# Cichlid identification help please



## Spicoli (Dec 11, 2012)

I inherited several "african cichlids" from someone who was getting out of the hobby. I'm not too sure what i have here aside from a yellow lab. orange leulipi and some convicts. Maybe a yellow tail acei. Not sure what a couple are so lets get the game started.


----------



## Ryan.Wilton (Dec 12, 2012)

They're a type of Hap. I can't recall the exact species I used to have one. He grew to about 8" so watch out he may get large. Mine wasn't overly aggressive, but he still was aggressive.


----------



## Car2n (Jun 7, 2011)

The first two pictures,
VC-10 Placidochromis milomo


----------



## MDR (Feb 20, 2012)

The last two look like a Lwanda peacock and the last one is a female something or other. My guess is a hybrid rostratus.


----------



## afishcionado (Feb 13, 2012)

*3rd pic*

looks like a sunshine peacock, got one that looks exactly like it.


----------



## Spicoli (Dec 11, 2012)

Bejeweled1 said:


> looks like a sunshine peacock, got one that looks exactly like it.

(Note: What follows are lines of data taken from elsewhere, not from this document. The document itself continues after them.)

lemma path_of_Node_iff:
  "path_of (Node ts) pt \<longleftrightarrow>
     (\<exists>i r pt'. pt = PStep i r pt' \<and> 1 \<le> i \<and> i \<le> length ts \<and> path_of (ts ! (i - 1)) pt')"
  by (auto elim: path_of.cases intro: path_of.intros)

lemma pop_Leaf_eq_Some_iff:
  "pop (Leaf l) = Some (pkt, q) \<longleftrightarrow> (\<exists>l'. pifo_pop l = Some (pkt, l') \<and> q = Leaf l')"
  by (auto split: option.splits)

lemma pop_Internal_eq_Some_iff:
  "pop (Internal qs p) = Some (pkt, q) \<longleftrightarrow>
     (\<exists>i p' q'. pifo_pop p = Some (i, p') \<and> 1 \<le> i \<and> i \<le> length qs \<and>
        pop (qs ! (i - 1)) = Some (pkt, q') \<and> q = Internal (qs[i - 1 := q']) p')"
  by (auto split: option.splits if_splits)

lemma pop_Internal_leaves_eq_Some:
  assumes "pop (Internal qs p) = Some (pkt, q)" and "\<forall>k<length qs. \<exists>l. qs ! k = Leaf l"
  obtains i p' l l' where "pifo_pop p = Some (i, p')" and "1 \<le> i" and "i \<le> length qs"
    and "qs ! (i - 1) = Leaf l" and "pifo_pop l = Some (pkt, l')"
proof -
  obtain i p' q' where i: "pifo_pop p = Some (i, p')" "1 \<le> i" "i \<le> length qs"
    and "pop (qs ! (i - 1)) = Some (pkt, q')"
    using assms(1) by (auto simp: pop_Internal_eq_Some_iff simp del: pop.simps)
  moreover obtain l where "qs ! (i - 1) = Leaf l" using assms(2) i by force
  ultimately show ?thesis using that by (auto simp: pop_Leaf_eq_Some_iff simp del: pop.simps)
qed

definition pop_pattern :: "topo \<Rightarrow> ('p, 'r::linorder) ptree \<Rightarrow> 'p \<Rightarrow> 'p \<Rightarrow> 'p \<Rightarrow> 'p \<Rightarrow> bool" where
  "pop_pattern s q y w x c \<longleftrightarrow> (\<exists>q'. pop q = Some (y, q')) \<and>
     (\<exists>pt q1 q2. path_of s pt \<and> pop (push q w pt) = Some (x, q1) \<and> pop q1 = Some (c, q2))"

lemma ptree_of_flat:
  assumes "\<forall>t\<in>set ts. t = Star" and "ptree_of (Node ts) q"
  obtains qs p where "q = Internal qs p" and "length qs = length ts"
    and "\<forall>k<length qs. \<exists>l. qs ! k = Leaf l"
proof -
  obtain qs p where "q = Internal qs p" and "length qs = length ts"
    and "\<forall>k<length ts. ptree_of (ts ! k) (qs ! k)"
    using assms(2) by (auto simp: ptree_of_Node_iff)
  with assms(1) show ?thesis using that by (metis nth_mem ptree_of_Star_iff)
qed

lemma path_of_flat:
  assumes "\<forall>t\<in>set ts. t = Star" and "path_of (Node ts) pt"
  obtains j r r' where "pt = PStep j r (PLeaf r')" and "1 \<le> j" and "j \<le> length ts"
proof -
  obtain j r pt' where "pt = PStep j r pt'" and j: "1 \<le> j" "j \<le> length ts"
    and "path_of (ts ! (j - 1)) pt'"
    using assms(2) by (auto simp: path_of_Node_iff)
  moreover have "ts ! (j - 1) = Star" using assms(1) j by simp
  ultimately show ?thesis using that by (auto simp: path_of_Star_iff)
qed

lemma flat_pop_pattern:
  assumes "\<forall>t\<in>set ts. t = Star" and "ptree_of (Node ts) S" and "pop_pattern (Node ts) S y w x c"
  shows "x = y \<or> x = w \<or> c = y"
proof -
  obtain qs p where S: "S = Internal qs p" and len: "length qs = length ts"
    and leaf: "\<forall>k<length qs. \<exists>l. qs ! k = Leaf l"
    using ptree_of_flat[OF assms(1,2)] .
  obtain pt T T' where "path_of (Node ts) pt"
    and pop_x: "pop (push S w pt) = Some (x, T)" and pop_c: "pop T = Some (c, T')"
    and pop_y: "\<exists>S'. pop S = Some (y, S')"
    using assms(3) unfolding pop_pattern_def by blast
  then obtain j r r' where j: "pt = PStep j r (PLeaf r')" "1 \<le> j" "j \<le> length qs"
    using path_of_flat[OF assms(1)] len by metis
  obtain i p' l l' where i: "pifo_pop p = Some (i, p')" "1 \<le> i" "i \<le> length qs"
    and l: "qs ! (i - 1) = Leaf l" "pifo_pop l = Some (y, l')"
    using pop_y leaf unfolding S by (metis pop_Internal_leaves_eq_Some)
  obtain lj where lj: "qs ! (j - 1) = Leaf lj" using leaf j by force
  have "push S w pt = Internal (qs[j - 1 := Leaf (lj @ [(w, r')])]) (p @ [(j, r)])"
    using lj by (simp add: S j(1) pifo_push_def)
  with pop_x have pop_x:
    "pop (Internal (qs[j - 1 := Leaf (lj @ [(w, r')])]) (p @ [(j, r)])) = Some (x, T)"
    by simp
  consider (old) "pifo_pop (p @ [(j, r)]) = Some (i, p' @ [(j, r)])"
    | (new) "pifo_pop (p @ [(j, r)]) = Some (j, p)"
    using pifo_pop_snoc[OF i(1), of "(j, r)"] by auto
  then show ?thesis
  proof cases
    case old
    then obtain q where "pop ((qs[j - 1 := Leaf (lj @ [(w, r')])]) ! (i - 1)) = Some (x, q)"
      using pop_x i by (auto simp: pop_Internal_eq_Some_iff simp del: pop.simps)
    then show ?thesis
      using pifo_pop_snoc[OF l(2), of "(w, r')"] i j l lj
      by (cases "i = j") (auto simp: pop_Leaf_eq_Some_iff simp del: pop.simps)
  next
    case new
    then obtain L where L: "pifo_pop (lj @ [(w, r')]) = Some (x, L)"
      and T: "T = Internal (qs[j - 1 := Leaf L]) p"
      using pop_x j by (auto simp: pop_Internal_eq_Some_iff pop_Leaf_eq_Some_iff simp del: pop.simps)
    then obtain q where "pop ((qs[j - 1 := Leaf L]) ! (i - 1)) = Some (c, q)"
      using pop_c i by (auto simp: pop_Internal_eq_Some_iff simp del: pop.simps)
    then show ?thesis
      using pifo_pop_snoc_pop[OF l(2), of "(w, r')" x L] L i j l lj
      by (cases "i = j") (auto simp: pop_Leaf_eq_Some_iff simp del: pop.simps)
  qed
qed

lemma is_simulation_ptree_of: "is_simulation s1 s2 R \<Longrightarrow> R q q' \<Longrightarrow> ptree_of s2 q'"
  unfolding is_simulation_def by blast

lemma is_simulation_pop:
  "is_simulation s1 s2 R \<Longrightarrow> R q q' \<Longrightarrow> pop q = Some (pkt, q0) \<Longrightarrow>
     \<exists>q0'. pop q' = Some (pkt, q0') \<and> R q0 q0'"
  unfolding is_simulation_def by blast

lemma is_simulation_push:
  "is_simulation s1 s2 R \<Longrightarrow> R q q' \<Longrightarrow> path_of s1 pt \<Longrightarrow>
     \<exists>pt'. path_of s2 pt' \<and> R (push q pkt pt) (push q' pkt pt')"
  unfolding is_simulation_def by blast

definition push_step :: "topo \<Rightarrow> ('p, 'r) ptree \<Rightarrow> ('p, 'r) ptree \<Rightarrow> bool" where
  "push_step s q q' \<longleftrightarrow> (\<exists>pkt pt. path_of s pt \<and> q' = push q pkt pt)"

lemma push_steps_push:
  "path_of s pt \<Longrightarrow> (push_step s)\<^sup>*\<^sup>* q Q \<Longrightarrow> (push_step s)\<^sup>*\<^sup>* q (push Q pkt pt)"
  by (erule rtranclp.rtrancl_into_rtrancl) (auto simp: push_step_def)

lemma is_simulation_push_steps:
  assumes "is_simulation s1 s2 R" and "(push_step s1)\<^sup>*\<^sup>* q Q" and "R q q'"
  shows "\<exists>Q'. (push_step s2)\<^sup>*\<^sup>* q' Q' \<and> R Q Q'"
  using assms(2)
proof (induction rule: rtranclp_induct)
  case base
  then show ?case using assms(3) by blast
next
  case (step Q Q2)
  then obtain Q' where "(push_step s2)\<^sup>*\<^sup>* q' Q'" "R Q Q'" by blast
  moreover obtain pkt pt where "path_of s1 pt" "Q2 = push Q pkt pt"
    using step.hyps(2) unfolding push_step_def by blast
  ultimately show ?case using is_simulation_push[OF assms(1)] push_steps_push by metis
qed

lemma is_simulation_pop_pattern:
  assumes "is_simulation s1 s2 R" and "R q q'" and "pop_pattern s1 q y w x c"
  shows "pop_pattern s2 q' y w x c"
proof -
  obtain q0 pt q1 q2 where "pop q = Some (y, q0)" and pt: "path_of s1 pt"
    and x: "pop (push q w pt) = Some (x, q1)" and c: "pop q1 = Some (c, q2)"
    using assms(3) unfolding pop_pattern_def by blast
  then have "\<exists>q0'. pop q' = Some (y, q0')" using is_simulation_pop[OF assms(1,2)] by blast
  moreover obtain pt' where "path_of s2 pt'" and R_w: "R (push q w pt) (push q' w pt')"
    using is_simulation_push[OF assms(1,2) pt] by blast
  moreover obtain q1' where "pop (push q' w pt') = Some (x, q1')" and "R q1 q1'"
    using is_simulation_pop[OF assms(1) R_w x] by blast
  moreover obtain q2' where "pop q1' = Some (c, q2')"
    using is_simulation_pop[OF assms(1) \<open>R q1 q1'\<close> c] by blast
  ultimately show ?thesis unfolding pop_pattern_def by blast
qed

lemma ptree_of_nested3_cases:
  assumes "ptree_of nested3 q"
  obtains l11 l12 l2 p1 p0 where "q = Internal [Internal [Leaf l11, Leaf l12] p1, Leaf l2] p0"
  using assms
  by (auto simp: ptree_of_Node_iff ptree_of_Star_iff length_Suc_conv numeral_2_eq_2 All_less_Suc2)

lemma ex_two_below_finite:
  fixes F :: "'r::{linorder, no_bot} set"
  assumes "finite F"
  obtains a b where "a < b" and "\<forall>r\<in>F. b < r"
proof -
  obtain b where "\<forall>r\<in>F. b < r"
  proof (cases "F = {}")
    case False
    obtain b where "b < Min F" using lt_ex by blast
    with assms False that show ?thesis by (meson Min_le less_le_trans)
  qed simp
  moreover obtain a where "a < b" using lt_ex by blast
  ultimately show ?thesis using that by blast
qed

lemma nested3_pop_pattern:
  fixes q :: "('p, 'r::{linorder, no_bot}) ptree"
  assumes "ptree_of nested3 q"
  shows "\<exists>Q. (push_step nested3)\<^sup>*\<^sup>* q Q \<and> pop_pattern nested3 Q y w x c"
proof -
  obtain l11 l12 l2 p1 p0 where q: "q = Internal [Internal [Leaf l11, Leaf l12] p1, Leaf l2] p0"
    using assms by (rule ptree_of_nested3_cases)
  define F where "F = snd ` set p0 \<union> snd ` set p1 \<union> snd ` set l11 \<union> snd ` set l12 \<union> snd ` set l2"
  obtain a b where "a < b" and b: "\<forall>r\<in>F. b < r"
    by (rule ex_two_below_finite[of F]) (simp_all add: F_def)
  then have a: "\<forall>r\<in>F. a < r" by (auto intro: less_trans)
  define Q where "Q = push (push (push q y (PStep 1 a (PStep 2 b (PLeaf a))))
    c (PStep 2 a (PLeaf a))) x (PStep 1 a (PStep 1 b (PLeaf a)))"
  define pw where "pw = PStep 1 a (PStep 1 a (PLeaf b))"
  have reach: "(push_step nested3)\<^sup>*\<^sup>* q Q"
    unfolding Q_def
    by (intro push_steps_push rtranclp.rtrancl_refl) (simp_all add: path_of_Node_iff path_of_Star_iff)
  have pw: "path_of nested3 pw" by (simp add: pw_def path_of_Node_iff path_of_Star_iff)
  have Q: "Q = Internal [Internal [Leaf (l11 @ [(x, a)]), Leaf (l12 @ [(y, a)])] (p1 @ [(2, b), (1, b)]),
      Leaf (l2 @ [(c, a)])] (p0 @ [(1, a), (2, a), (1, a)])"
    unfolding Q_def q by (simp add: pifo_push_def)
  have pop_y: "\<exists>Q'. pop Q = Some (y, Q')"
  proof -
    have "pifo_pop (p0 @ [(1, a), (2, a), (1, a)]) = Some (1, p0 @ [(2, a), (1, a)])"
      using a by (intro pifo_pop_append_Cons) (auto simp: F_def)
    moreover have "pifo_pop (p1 @ [(2, b), (1, b)]) = Some (2, p1 @ [(1, b)])"
      using b by (intro pifo_pop_append_Cons) (auto simp: F_def)
    moreover have "pifo_pop (l12 @ [(y, a)]) = Some (y, l12)"
      using pifo_pop_append_Cons[of l12 a "[]" y] a by (simp add: F_def)
    ultimately show ?thesis unfolding Q by simp
  qed
  have pop_x_c: "\<exists>U V. pop (push Q w pw) = Some (x, U) \<and> pop U = Some (c, V)"
  proof -
    have "pifo_pop (p0 @ [(1, a), (2, a), (1, a), (1, a)]) = Some (1, p0 @ [(2, a), (1, a), (1, a)])"
      using a by (intro pifo_pop_append_Cons) (auto simp: F_def)
    moreover have "pifo_pop (p1 @ [(2, b), (1, b), (1, a)]) = Some (1, p1 @ [(2, b), (1, b)])"
      using pifo_pop_append_Cons[of "p1 @ [(2, b), (1, b)]" a "[]" "1::nat"] a b \<open>a < b\<close> by (auto simp: F_def)
    moreover have "pifo_pop (l11 @ [(x, a), (w, b)]) = Some (x, l11 @ [(w, b)])"
      using a \<open>a < b\<close> by (intro pifo_pop_append_Cons) (auto simp: F_def)
    moreover have "pifo_pop (p0 @ [(2, a), (1, a), (1, a)]) = Some (2, p0 @ [(1, a), (1, a)])"
      using a by (intro pifo_pop_append_Cons) (auto simp: F_def)
    moreover have "pifo_pop (l2 @ [(c, a)]) = Some (c, l2)"
      using pifo_pop_append_Cons[of l2 a "[]" c] a by (simp add: F_def)
    ultimately show ?thesis unfolding Q pw_def by (simp add: pifo_push_def)
  qed
  show ?thesis unfolding pop_pattern_def using reach pw pop_y pop_x_c by blast
qed

lemma addrs_Star: "addrs Star = {[]}"
  by (auto simp: addrs_def elim: is_addr.cases intro: is_addr.intros)

inductive_cases is_addr_NodeE: "is_addr (Node ts) a"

so after some reseach/posting everywhere, i've found the the striped guys could be

petrotilapia chitimba bay

or Perllmutt

And i think the male peacock is a lwanda


----------



## fly4awhiteguy (Dec 27, 2011)

my first though was a pearlmutt... but having owned some I see very slight differences.. however if those are pearlmutts... then they are female. imo


----------



## Spicoli (Dec 11, 2012)

Here's a few more pics, there is three, it seems as though there may be a male/2females or something. The lighter one has yellow on the belly.


I have these guys crammed in a twenty for now because i have no other option so colouring could be washed out due to stress.

someone suggested zebra obliq. could it be them?


----------



## des (Jul 30, 2011)

This is only my opinion. The third picture resembles a Lwanda but something about him leads me to think he's a hybrid. The body colour, dark thick vertical stripes, and anal fin throw me off. The body should have a diminished yellow band just after the head followed by a purple/blue body (no dark stripes). The bottom of the anal fin should have colour matching the top of the dorsal fin.

I'm not saying mine are perfect or text book Lwandas but here are two picture of two different Lwandas that I have.

Just here to help.


----------